Further, what if some people are much more efficient generators of utility than others? Would not someone who wished to maximize total utility have to favor redistribution to such people? "From observation of human behavior it is apparent that some people get a great kick out of things and others do not" (Economics, p. 7). But Professor Tullock finds that supporters of Lerner-style redistribution almost never endorse redistribution to the happy. Thus, he once more concludes that the redistributionists really do not support maximizing total utility.

At one point, I venture to suggest, our author's approach misfires. John Rawls famously supports inequality only to the extent it benefits the least well-off class in society. But, Professor Tullock asks, shouldn't Rawls support on his own principles even greater equality than he in fact does? The really worst off are the dying and those with terrible illnesses such as multiple sclerosis. Should not the difference principle be applied to benefit them? In that case, we would require immense transfers of income to raise the utility of those unfortunates. But Rawls does not support this sort of redistribution. Does he then genuinely support the difference principle?

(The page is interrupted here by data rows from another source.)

lemma haar_mixture_level_law_symmetric:
  fixes P :: "'w measure" and \<xi>1 \<xi>2 :: "'w \<Rightarrow> nat \<Rightarrow> int"
  assumes p: "prime p" and A: "p dvd A"
    and P: "prob_space P" and m1: "\<xi>1 \<in> borel_measurable P" and m2: "\<xi>2 \<in> borel_measurable P"
    and r1: "\<forall>\<omega>\<in>space P. \<xi>1 \<omega> \<in> Zp p" and r2: "\<forall>\<omega>\<in>space P. \<xi>2 \<omega> \<in> Zp p"
    and indep: "prob_space.indep_var P borel \<xi>1 borel \<xi>2"
    and HD: "is_haar p (Zp p) mD" and HpD: "is_haar p (pZp p) mpD"
    and \<mu>1: "\<forall>A\<in>sets borel. emeasure (distr P borel \<xi>1) A
           = ennreal a * emeasure mD A + ennreal (1 - a) * emeasure mpD A"
    and \<mu>2: "distr P borel \<xi>2 = mD"
  shows "distr P borel (\<lambda>\<omega>. ((\<xi>1 \<omega> n + \<xi>2 \<omega> n) mod p ^ n, (\<xi>1 \<omega> n + A * \<xi>2 \<omega> n) mod p ^ n))
       = distr P borel (\<lambda>\<omega>. ((\<xi>1 \<omega> n + \<xi>2 \<omega> n) mod p ^ n, (- (\<xi>1 \<omega> n + A * \<xi>2 \<omega> n)) mod p ^ n))"
proof (rule residue_pair_law_symmetric[OF P p A])
  have p0: "p > 0" using p by (simp add: prime_gt_0_int)
  show "prob_space.indep_var P borel (\<lambda>\<omega>. \<xi>1 \<omega> n) borel (\<lambda>\<omega>. \<xi>2 \<omega> n)"
    using prob_space.indep_var_compose[OF P indep measurable_product_coordinates measurable_product_coordinates]
    by (simp add: comp_def)
  show "\<forall>\<omega>\<in>space P. \<xi>1 \<omega> n \<in> {0..<p ^ n} \<and> \<xi>2 \<omega> n \<in> {0..<p ^ n}"
    using r1 r2 Zp_bounds by fastforce
  show "emeasure (distr P borel (\<lambda>\<omega>. \<xi>1 \<omega> n)) {x} = emeasure (distr P borel (\<lambda>\<omega>. \<xi>1 \<omega> n)) {x'}"
    if "x \<in> {0..<p ^ n}" "x' \<in> {0..<p ^ n}" "p dvd x \<longleftrightarrow> p dvd x'" for x x'
    unfolding emeasure_distr_level_set[OF m1] by (rule haar_mixture_level_eq[OF HD HpD p0 \<mu>1 that])
  show "emeasure (distr P borel (\<lambda>\<omega>. \<xi>2 \<omega> n)) {y} = emeasure (distr P borel (\<lambda>\<omega>. \<xi>2 \<omega> n)) {y'}"
    if "y \<in> {0..<p ^ n}" "y' \<in> {0..<p ^ n}" for y y'
    unfolding emeasure_distr_level_set[OF m2] \<mu>2 by (rule haar_Zp_level_eq[OF HD p0 that])
qed
lemma PVlam_sum: "(\<And>i. i \<in> A \<Longrightarrow> p i \<in> PVlam) \<Longrightarrow> (\<Sum>i\<in>A. p i) \<in> PVlam"
  by (induction A rule: infinite_finite_induct) (auto intro: zero_in_PVlam PVlam_add)

section \<open>Restriction to lines\<close>

inductive polyfun_degree_le :: "nat \<Rightarrow> ('v::euclidean_space \<Rightarrow> real) \<Rightarrow> bool" where
  const: "polyfun_degree_le n (\<lambda>_. c)"
| lin: "1 \<le> n \<Longrightarrow> polyfun_degree_le n (\<lambda>x. x \<bullet> b)"
| add: "polyfun_degree_le n f \<Longrightarrow> polyfun_degree_le n g \<Longrightarrow> polyfun_degree_le n (\<lambda>x. f x + g x)"
| mult: "polyfun_degree_le n f \<Longrightarrow> polyfun_degree_le m g \<Longrightarrow> n + m \<le> N \<Longrightarrow>
    polyfun_degree_le N (\<lambda>x. f x * g x)"

lemma polyfun_degree_le_mono: "polyfun_degree_le N f \<Longrightarrow> N \<le> M \<Longrightarrow> polyfun_degree_le M f"
proof (induction arbitrary: M rule: polyfun_degree_le.induct)
  case (mult n f m g N)
  have "n + m \<le> M" using mult by linarith
  then show ?case by (rule polyfun_degree_le.mult[OF mult.hyps(1,2)])
qed (auto intro: polyfun_degree_le.intros)

lemma polyfun_imp_degree_le: "polyfun f \<Longrightarrow> \<exists>N. polyfun_degree_le N f"
proof (induction rule: polyfun.induct)
  case (add f g)
  then obtain n m where "polyfun_degree_le n f" "polyfun_degree_le m g" by blast
  then have "polyfun_degree_le (max n m) f" "polyfun_degree_le (max n m) g"
    by (auto intro: polyfun_degree_le_mono)
  then show ?case by (blast intro: polyfun_degree_le.add)
qed (blast intro: polyfun_degree_le.intros)+
lemma finite_visits_if_absorbed:
  assumes "reaches N K z \<omega>" "K \<subseteq> {0, N}" "0 < y" "y < N"
  shows "finite {k. rw N z \<omega> k = y}"
proof -
  obtain n where n: "rw N z \<omega> n \<in> K"
    using assms(1) by (auto simp: reaches_def)
  have "k < n" if "rw N z \<omega> k = y" for k
  proof (rule ccontr)
    assume "\<not> k < n"
    then have "rw N z \<omega> k \<in> K"
      using rw_absorbed[of N z \<omega> n k] n assms(2) by auto
    then show False
      using that assms(2-4) by auto
  qed
  then have "{k. rw N z \<omega> k = y} \<subseteq> {..<n}"
    by blast
  then show ?thesis
    using finite_subset by blast
qed

lemma visit_count_Cons_other:
  "z \<noteq> y \<Longrightarrow> visit_count N z (b ## \<omega>) y = visit_count N (step N z b) \<omega> y"
  by (simp add: visit_count_def visit_set_Cons card_image)

lemma visit_count_Cons_self:
  assumes "finite {k. rw N (step N y b) \<omega> k = y}"
  shows "visit_count N y (b ## \<omega>) y = Suc (visit_count N (step N y b) \<omega> y)"
  using assms by (simp add: visit_count_def visit_set_Cons card_image image_iff)

lemma odd_visit_count_imp_reaches:
  assumes "odd (visit_count N x \<omega> y)"
  shows "reaches N {y} x \<omega>"
proof -
  have "{k. rw N x \<omega> k = y} \<noteq> {}"
    by (metis assms card.empty even_zero visit_count_def)
  then show ?thesis
    by (auto simp: reaches_def)
qed

section \<open>Measurability and first-step analysis\<close>

lemma measurable_rw [measurable]:
  "(\<lambda>\<omega>. rw N z \<omega> n) \<in> measurable (walk_space p) (count_space UNIV)"
  unfolding walk_space_def
proof (induction n)
  case (Suc n)
  note Suc [measurable]
  show ?case by (simp add: Let_def) measurable
qed simp

lemma pred_reaches [measurable]: "Measurable.pred (walk_space p) (reaches N K z)"
  unfolding reaches_def by measurable

lemma pred_odd_card:
  fixes P :: "'a \<Rightarrow> nat \<Rightarrow> bool"
  assumes [measurable]: "\<And>k. Measurable.pred M (\<lambda>\<omega>. P \<omega> k)"
  shows "Measurable.pred M (\<lambda>\<omega>. odd (card {k. P \<omega> k}))"
proof -
  \<comment> \<open>Finite sets of naturals are enumerated by lists, which form a countable type.\<close>
  have "odd (card {k. P \<omega> k}) \<longleftrightarrow>
      (\<exists>xs. odd (card (set xs)) \<and> (\<forall>k. P \<omega> k \<longleftrightarrow> k \<in> set xs))" for \<omega>
    by (metis card.infinite even_zero finite_list mem_Collect_eq set_eqI)
  then show ?thesis by measurable
qed

lemma pred_odd_visit_count [measurable]:
  "Measurable.pred (walk_space p) (\<lambda>\<omega>. odd (visit_count N z \<omega> y))"
  unfolding visit_count_def by (rule pred_odd_card) measurable

lemma prob_of_not_conj:
  assumes "prob_space M" and [measurable]: "Measurable.pred M Q" "Measurable.pred M A"
  shows "prob_of M (\<lambda>\<omega>. \<not> Q \<omega> \<and> A \<omega>) = prob_of M A - prob_of M (\<lambda>\<omega>. Q \<omega> \<and> A \<omega>)"
proof -
  interpret prob_space M by fact
  have "{\<omega>\<in>space M. \<not> Q \<omega> \<and> A \<omega>} = {\<omega>\<in>space M. A \<omega>} - {\<omega>\<in>space M. Q \<omega> \<and> A \<omega>}"
    by auto
  then show ?thesis
    unfolding prob_of_def by (simp add: finite_measure_Diff subset_iff)
qed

By now, you no doubt recognize Tullock's usual argument scheme in action. This time, though, it does not work. Rawls explicitly confines his theory to those who mutually contribute to increasing the social product. Self-interested choosers behind the veil of ignorance would have no reason to take Tullock's class of badly off people into account. Fortunately, there are abundant other arguments sufficient to overthrow Rawls's egalitarian concoctions.

Readers influenced by Murray Rothbard will, I am sure, note that the two economists have very different casts of mind. Rothbard had a theory of the rights people actually have. Tullock advances no ethical principles of his own: instead, he probes the principles held by others and endeavors to find inconsistencies in them. Though Rothbard's approach reaches further, Tullock's Socratic inquiries are a very useful supplement.

I fear that Professor Tullock applies his argument scheme to Rothbardians as well as egalitarians. If you accept a Lockean theory of property acquisition, might it not turn out that you are now a trespasser? Perhaps the area on which you now stand was once unjustly taken from an Indian tribe that had acquired it in proper Lockean fashion. For the reasons stated in my review of The Ethics of Liberty in the present issue, I am inclined to think that Rothbardians have successfully responded to Tullock here.

Professor Tullock is no more inclined to accept the pieties of democracy than he is those of egalitarianism. Most people profess belief in majority-rule democracy as the best method of making governmental decisions; but (Tullock's familiar question) do we really believe this? Do we favor abolition of jury verdicts by unanimous vote, the presidential veto, a Senate in which the states are represented equally without regard to population and similar non-majoritarian institutions? If we are not prepared to jettison these institutions, then we are not the majority rule democrats we claim to be.

Tullock's style of argument is unsettling. I shall in conclusion suggest a very speculative replay to the argument he advances. He says: "If you support A, then you should support B. But you do not. Therefore it is questionable whether you support A." Can an escape be found by saying this?: "I acknowledge that if I support A, I ought to support B. If in fact I do not, this is an interesting psychological peculiarity about me; but it does not suffice to show that I don't in fact support A. Neither does it show that it is irrational for me to continue to support A. Perhaps it is irrational of me instead not to endorse B."

Revenons sur la terre. Tullock is a thinker from whom all classical liberals can learn a great deal. With Nietzchean force, he summons us away from hypocrisy.